Kolumne von Michael Scott
Joan Mir wird Pol Espargaró (hinter Marc Márquez) in Repsol-Honda-Farben ablösen

Joan Mir wird Pol Espargaró (hinter Marc Márquez) in Repsol-Honda-Farben ablösen

Neben dem Márquez-Comeback stachen in der Honda-Box beim Misano-Test zwei Dinge besonders ins Auge. SPEEDWEEK.com-Kolumnist Michael Scott geht der Frage nach, ob Joan Mirs Chancen auf Erfolg damit steigen.

Was ist das mitunter härteste Los, das einen MotoGP-Fahrer treffen kann? Lustigerweise zählt es gleichzeitig zu den besten Dingen, die ihm widerfahren können. Nämlich zum Honda-Werksteam zu stoßen.

Das war schon in der Vergangenheit oft so. Es war beispielsweise alles andere als einfach, mit Mick Doohan mithalten zu müssen. Aber in letzter Zeit trifft es noch mehr zu.

In den letzten rund zehn Jahren bedeutete die Tatsache, ein Repsol-Honda-Werksfahrer zu sein, letzten Endes eine von zwei Optionen: Man hat entweder beste Chancen, die Weltmeisterschaft zu gewinnen, oder die Karriere bekommt einen heftigen Dämpfer versetzt.

Der letzte Honda-Werksfahrer, der abgesehen von Marc Márquez einen Grand Prix gewann, war Dani Pedrosa im Jahr 2017. Keinem anderen ist es seither gelungen. Beim über Jahre dominierenden Werk scheint das Licht am Ende des Tunnels erloschen zu sein. Zwischen 2011 und 2019 gewann Honda noch neun Konstrukteurs-Titel, im Moment verkümmert der größte Motorradhersteller der Welt auf dem letzten Platz.

Man denke nur an Jorge Lorenzo, einen dreifachen MotoGP-Champion und begnadeten Fahrer, mit 47 Siegen – bis auf drei alle auf Yamaha, wo er mit seinem super-präzisen Stil Valentino Rossi von der Spitze verdrängt hatte. Danach wechselte der Mallorquiner zu Ducati und begann nach einer harten Lehre auch dort zu gewinnen.

Dann aber kam 2019 und Lorenzo ging zu Repsol Honda, ein Albtraum mit vielen Stürzen und Verletzungen. Und keinem einzigen Top-10-Ergebnis. Am Ende des Jahres verkündete er seinen vorzeitigen Rücktritt.

Das nächste Opferlamm war Pol Espargaró, der – mit glänzenden Augen – vom Erreichen eines lebenslangen Ziels gesprochen hatte, als er für 2021 bei Repsol Honda einen Platz bekommen hatte.
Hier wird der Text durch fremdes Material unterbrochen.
lemma lsc_coercive_attains_min:
  fixes \<phi> :: "'a::euclidean_space \<Rightarrow> ereal"
  assumes lsc: "lsc_fun \<phi>" and coercive: "quadratically_coercive \<phi>"
    and "closed F" "F \<noteq> {}"
  shows "\<exists>x\<in>F. \<forall>y\<in>F. \<phi> x \<le> \<phi> y"
proof (cases "\<forall>y\<in>F. \<phi> y = \<infinity>")
  case True
  obtain x where "x \<in> F"
    using \<open>F \<noteq> {}\<close> by blast
  with True show ?thesis by auto
next
  case False
  then obtain x0 where "x0 \<in> F" "\<phi> x0 \<noteq> \<infinity>"
    by blast
  then obtain r0 where x0: "x0 \<in> F" "\<phi> x0 = ereal r0"
    using quadratically_coercive_not_MInf[OF coercive, of x0] by (cases "\<phi> x0") auto
  obtain \<delta> \<alpha> \<beta> where \<delta>: "\<delta> > 0" and bound: "\<And>x. ereal (\<delta> * (norm x)\<^sup>2 - \<alpha> * norm x - \<beta>) \<le> \<phi> x"
    using coercive unfolding quadratically_coercive_def by blast
  obtain R where R: "\<And>t. t \<ge> R \<Longrightarrow> r0 < \<delta> * t\<^sup>2 - \<alpha> * t - \<beta>"
    using quadratic_eventually_greater[OF \<delta>] by blast
  define K where "K = F \<inter> cball 0 (max R (norm x0))"
  have "compact K"
    unfolding K_def using \<open>closed F\<close> by (intro closed_Int_compact compact_cball)
  moreover have "K \<noteq> {}"
    unfolding K_def using x0(1) by auto
  ultimately obtain x where x: "x \<in> K" "\<And>y. y \<in> K \<Longrightarrow> \<phi> x \<le> \<phi> y"
    by (metis lsc_fun_attains_min_compact[OF lsc])
  have "\<phi> x \<le> \<phi> y" if "y \<in> F" for y
  proof (cases "y \<in> K")
    case False
    then have "y \<notin> cball 0 (max R (norm x0))"
      using that unfolding K_def by blast
    then have "R \<le> norm y"
      by (simp add: not_le)
    then have "ereal r0 < ereal (\<delta> * (norm y)\<^sup>2 - \<alpha> * norm y - \<beta>)"
      using R by simp
    then have "\<phi> x0 < \<phi> y"
      unfolding x0(2) using bound[of y] by (rule less_le_trans)
    moreover have "\<phi> x \<le> \<phi> x0"
      using x(2) x0(1) unfolding K_def by auto
    ultimately show ?thesis by simp
  qed (use x in auto)
  then show ?thesis
    using x(1) unfolding K_def by blast
qed

lemma prox_threshold_quadratic_minorant:
  assumes "ereal lam < prox_threshold f"
  obtains mu x0 M where "lam < mu" "\<And>w. ereal (M - (norm (w - x0))\<^sup>2 / (2 * mu)) \<le> f w"
proof -
  obtain mu x0 where mu: "lam < mu" "moreau_env f mu x0 > -\<infinity>"
    using assms unfolding prox_threshold_def less_Sup_iff by auto
  then obtain M where M: "ereal M \<le> moreau_env f mu x0"
    using ereal_dense2[OF mu(2)] less_imp_le by blast
  have "ereal (M - (norm (w - x0))\<^sup>2 / (2 * mu)) \<le> f w" for w
  proof -
    have "ereal M \<le> f w + ereal ((norm (w - x0))\<^sup>2 / (2 * mu))"
      using M unfolding moreau_env_def by (meson INF_lower UNIV_I order_trans)
    then show ?thesis
      by (cases "f w") auto
  qed
  with mu(1) show ?thesis using that by blast
qed

lemma quadratically_coercive_add_jfun:
  fixes f :: "'a::real_normed_vector \<Rightarrow> ereal"
  assumes "0 < lam" "lam < mu" and minorant: "\<And>w. ereal (M - (norm (w - x0))\<^sup>2 / (2 * mu)) \<le> f w"
  shows "quadratically_coercive (\<lambda>w. f w + ereal (jfun w / lam))"
  unfolding quadratically_coercive_def
proof (intro exI conjI allI)
  show "1 / (2 * lam) - 1 / (2 * mu) > 0"
    using assms(1,2) by (simp add: field_simps)
  fix w :: 'a
  define L where "L = (1 / (2 * lam) - 1 / (2 * mu)) * (norm w)\<^sup>2 - norm x0 / mu * norm w
      - ((norm x0)\<^sup>2 / (2 * mu) - M)"
  have "(norm (w - x0))\<^sup>2 \<le> (norm w + norm x0)\<^sup>2"
    using norm_triangle_ineq4[of w x0] by (simp add: power_mono)
  then have "0 \<le> ((norm w + norm x0)\<^sup>2 - (norm (w - x0))\<^sup>2) / (2 * mu)"
    using assms(1,2) by simp
  also have "\<dots> = (M - (norm (w - x0))\<^sup>2 / (2 * mu)) + jfun w / lam - L"
    unfolding L_def jfun_def power2_sum using assms(1,2) by (simp add: field_simps)
  finally have "L \<le> (M - (norm (w - x0))\<^sup>2 / (2 * mu)) + jfun w / lam"
    by simp
  also have "ereal \<dots> \<le> f w + ereal (jfun w / lam)"
    using add_right_mono[OF minorant[of w], of "ereal (jfun w / lam)"] by simp
  finally show "ereal ((1 / (2 * lam) - 1 / (2 * mu)) * (norm w)\<^sup>2 - norm x0 / mu * norm w
      - ((norm x0)\<^sup>2 / (2 * mu) - M)) \<le> f w + ereal (jfun w / lam)"
    unfolding L_def by simp
qed

section \<open>Convex functions and their subgradients\<close>

definition conv_subdiff :: "('a::real_inner \<Rightarrow> ereal) \<Rightarrow> 'a \<Rightarrow> 'a set" where
  "conv_subdiff h x = {v. \<bar>h x\<bar> \<noteq> \<infinity> \<and> (\<forall>y. h x + ereal (inner v (y - x)) \<le> h y)}"

lemma econvexD:
  assumes "econvex h" "h x \<le> ereal a" "h y \<le> ereal b" "0 \<le> t" "t \<le> 1"
  shows "h ((1 - t) *\<^sub>R x + t *\<^sub>R y) \<le> ereal ((1 - t) * a + t * b)"
proof -
  have "(x, a) \<in> epigraph h" "(y, b) \<in> epigraph h"
    using assms(2,3) unfolding epigraph_def by auto
  then have "(1 - t) *\<^sub>R (x, a) + t *\<^sub>R (y, b) \<in> epigraph h"
    using assms(1,4,5) unfolding econvex_def by (intro convexD) auto
  then show ?thesis
    unfolding epigraph_def by simp
qed

lemma econvex_affine: "econvex (\<lambda>x. ereal (inner p x + c))"
proof -
  have "epigraph (\<lambda>x. ereal (inner p x + c)) = {z. inner (p, -1) z \<le> - c}"
    by (auto simp: epigraph_def inner_prod_def)
  then show ?thesis
    unfolding econvex_def by (simp add: convex_halfspace_le)
qed

lemma epigraph_conv_fun:
  "epigraph (conv_fun g) = (\<Inter>h\<in>{h. econvex h \<and> (\<forall>y. h y \<le> g y)}. epigraph h)"
  unfolding epigraph_def conv_fun_def by (auto simp: SUP_le_iff)

lemma econvex_conv_fun: "econvex (conv_fun g)"
  unfolding econvex_def epigraph_conv_fun by (rule convex_INT) (auto simp: econvex_def)
lemma muc_props:
  "sets (muc N A) = sets (MOmega N A) \<and> emeasure (muc N A) (space (muc N A)) = 1 \<and>
     (\<forall>\<alpha>. adm N A \<alpha> \<and> \<alpha> \<noteq> [] \<longrightarrow>
        emeasure (muc N A) (cyl N A \<alpha>) = ennreal (uvec N A (last \<alpha>) / lamA N A ^ (length \<alpha> - 1)))"
  unfolding muc_def
proof (rule someI[of _ walk_measure], intro conjI allI impI)
  show "sets walk_measure = sets (MOmega N A)"
    by (simp add: walk_measure_def)
  have "emeasure walk_measure (space walk_measure) =
      emeasure (PiM UNIV coin) (walk -` space (MOmega N A) \<inter> space (PiM UNIV coin))"
    unfolding walk_measure_def using measurable_walk by (simp add: emeasure_distr)
  also have "walk -` space (MOmega N A) \<inter> space (PiM UNIV coin) = space (PiM UNIV coin)"
    using walk_in_OmegaA by (auto simp: MOmega_def space_restrict_space space_PiM)
  finally show "emeasure walk_measure (space walk_measure) = 1"
    by (simp add: coins.emeasure_space_1)
  fix \<alpha>
  assume "adm N A \<alpha> \<and> \<alpha> \<noteq> []"
  then show "emeasure walk_measure (cyl N A \<alpha>) = ennreal (uvec N A (last \<alpha>) / lamA N A ^ (length \<alpha> - 1))"
    using emeasure_walk_measure_cyl adm_last_less[of N A \<alpha>] by (simp add: uvec_eq lamA_eq)
qed

end

section \<open>The Laplacian on cylinders\<close>

context regular_shift
begin

abbreviation mu :: "(nat \<Rightarrow> nat) measure" where
  "mu \<equiv> muc N A"

lemma sets_mu: "sets mu = sets (MOmega N A)"
  using muc_props by blast

lemma space_mu: "space mu = OmegaA N A"
  using sets_eq_imp_space_eq[OF sets_mu] by (simp add: MOmega_def space_restrict_space space_PiM)

lemma prob_space_mu: "prob_space mu"
  using muc_props by (intro prob_spaceI) blast

lemma cyl_in_sets_mu: "cyl N A w \<in> sets mu"
  using cyl_in_sets_MOmega sets_mu by simp

lemma measure_cyl:
  assumes "adm N A w" "w \<noteq> []"
  shows "measure mu (cyl N A w) = 1 / (real N * real d ^ (length w - 1))"
  using muc_props assms adm_last_less[OF assms] by (simp add: measure_def uvec_eq lamA_eq)

lemma measure_cyl_pos: "adm N A w \<Longrightarrow> w \<noteq> [] \<Longrightarrow> measure mu (cyl N A w) > 0"
  using measure_cyl N_pos d_ge_2 by simp

lemma cyl_nonempty: "adm N A w \<Longrightarrow> w \<noteq> [] \<Longrightarrow> cyl N A w \<noteq> {}"
  using measure_cyl_pos by fastforce

lemma has_bochner_integral_cyl:
  "has_bochner_integral mu (indicator (cyl N A w)) (measure mu (cyl N A w))"
proof -
  interpret prob_space mu
    by (rule prob_space_mu)
  show ?thesis
    by (rule has_bochner_integral_real_indicator[OF cyl_in_sets_mu]) (simp add: less_top[symmetric])
qed

definition first_diff :: "(nat \<Rightarrow> nat) \<Rightarrow> (nat \<Rightarrow> nat) \<Rightarrow> nat" where
  "first_diff x y = (LEAST m. x m \<noteq> y m)"

lemma first_diff_eqI: "x p \<noteq> y p \<Longrightarrow> (\<And>i. i < p \<Longrightarrow> x i = y i) \<Longrightarrow> first_diff x y = p"
  unfolding first_diff_def by (rule Least_equality) (auto simp: not_less[symmetric])

lemma first_diff_le_iff:
  assumes "x \<noteq> y"
  shows "m \<le> first_diff x y \<longleftrightarrow> (\<forall>i<m. y i = x i)"
proof -
  have ex: "\<exists>m. x m \<noteq> y m"
    using assms by auto
  have "x (first_diff x y) \<noteq> y (first_diff x y)"
    unfolding first_diff_def by (rule LeastI_ex[OF ex])
  moreover have "i < first_diff x y \<Longrightarrow> x i = y i" for i
    unfolding first_diff_def using not_less_Least by blast
  ultimately show ?thesis
    by (metis leI less_le_trans)
qed

definition kernel :: "(nat \<Rightarrow> nat) \<Rightarrow> (nat \<Rightarrow> nat) \<Rightarrow> real" where
  "kernel x y = (if x = y then 0 else real d ^ first_diff x y)"

definition laplace_integrand ::
    "nat list \<Rightarrow> ((nat \<Rightarrow> nat) \<Rightarrow> real) \<Rightarrow> (nat \<Rightarrow> nat) \<Rightarrow> (nat \<Rightarrow> nat) \<Rightarrow> real" where
  "laplace_integrand \<beta> H x y = indicator (cyl N A \<beta>) y * (H x - H y) * kernel x y"

lemma laplace_integrand_indicator_prefix:
  assumes x: "x \<in> OmegaA N A" and y: "y \<in> OmegaA N A" and "K \<le> M"
  shows "laplace_integrand (map x [0..<K]) (indicator (cyl N A (map x [0..<M]))) x y =
    (\<Sum>m\<in>{K..<M}. real d ^ m *
      (indicator (cyl N A (map x [0..<m])) y - indicator (cyl N A (map x [0..<Suc m])) y))"
proof (cases "\<forall>i<M. y i = x i")
  case True
  then show ?thesis
    using x y by (auto simp: laplace_integrand_def in_cyl_prefix_iff in_cyl_prefix simp del: upt_Suc
        intro!: sum.neutral)
next
  case False
  then have xy: "x \<noteq> y"
    by auto
  define p where "p = first_diff x y"
  have agree: "y \<in> cyl N A (map x [0..<m]) \<longleftrightarrow> m \<le> p" for m
    using in_cyl_prefix_iff[OF y] first_diff_le_iff[OF xy] by (simp add: p_def)
  have "p < M"
    using False agree in_cyl_prefix_iff[OF y] by (metis not_le)
  have "(\<Sum>m\<in>{K..<M}. real d ^ m *
      (indicator (cyl N A (map x [0..<m])) y - indicator (cyl N A (map x [0..<Suc m])) y)) =
      (\<Sum>m\<in>{K..<M}. if m = p then real d ^ m else 0)"
    by (intro sum.cong) (auto simp: agree indicator_def simp del: upt_Suc)
  also have "\<dots> = (if K \<le> p then real d ^ p else 0)"
    using \<open>p < M\<close> by (simp add: sum.delta)
  finally show ?thesis
    using \<open>p < M\<close> xy x by (simp add: laplace_integrand_def kernel_def p_def agree in_cyl_prefix del: upt_Suc)
qed

lemma has_bochner_integral_laplace_inside:
  assumes x: "x \<in> OmegaA N A" and "1 \<le> K" "K \<le> M"
  shows "has_bochner_integral mu (laplace_integrand (map x [0..<K]) (indicator (cyl N A (map x [0..<M]))) x)
    (real (M - K) * (real d - 1) / real N)"
proof -
  let ?c = "\<lambda>m. measure mu (cyl N A (map x [0..<m]))"
  have "has_bochner_integral mu
      (\<lambda>y. \<Sum>m\<in>{K..<M}. real d ^ m * (indicator (cyl N A (map x [0..<m])) y
        - indicator (cyl N A (map x [0..<Suc m])) y))
      (\<Sum>m\<in>{K..<M}. real d ^ m * (?c m - ?c (Suc m)))"
    by (intro has_bochner_integral_sum has_bochner_integral_mult_right has_bochner_integral_diff
        has_bochner_integral_cyl)
  moreover have "real d ^ m * (?c m - ?c (Suc m)) = (real d - 1) / real N" if m: "m \<in> {K..<M}" for m
  proof -
    obtain m' where m': "m = Suc m'"
      using m \<open>1 \<le> K\<close> by (cases m) auto
    have "?c m = 1 / (real N * real d ^ m')" "?c (Suc m) = 1 / (real N * real d ^ m)"
      using measure_cyl[OF adm_prefix[OF x]] m' by (simp_all del: upt_Suc)
    then show ?thesis
      using m' N_pos d_ge_2 by (simp add: field_simps)
  qed
  ultimately have "has_bochner_integral mu
      (\<lambda>y. \<Sum>m\<in>{K..<M}. real d ^ m * (indicator (cyl N A (map x [0..<m])) y
        - indicator (cyl N A (map x [0..<Suc m])) y))
      (real (M - K) * (real d - 1) / real N)"
    by simp
  then show ?thesis
    using laplace_integrand_indicator_prefix[OF x _ \<open>K \<le> M\<close>] space_mu
    by (subst has_bochner_integral_cong[OF refl _ refl]) auto
qed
Weniger als zwei Jahre später, angezählt nach einem weiteren Wochenende mit zwei Abflügen in Misano, ist er nur allzu froh, dass er zurück in die KTM-Familie fliehen kann. Pol, ein ehemaliger Moto2-Weltmeister, holte auf Honda einen Podestplatz am Ende seines ersten Jahres 2021 und einen zweiten zu Beginn der Saison 2022. Was folgte, waren Schmerzen, Enttäuschungen und ein harter Kampf, um überhaupt in die Punkteränge zu kommen.

Gemeinsam hatten sie in Marc Márquez den Teamkollegen und selbst jetzt, in der dritten Saison seiner Verletzungsmisere, könnte der Kontrast nicht größer sein: Marc hat acht der bisher 14 Rennen verpasst und ist in der WM-Tabelle noch immer der beste Honda-Pilot.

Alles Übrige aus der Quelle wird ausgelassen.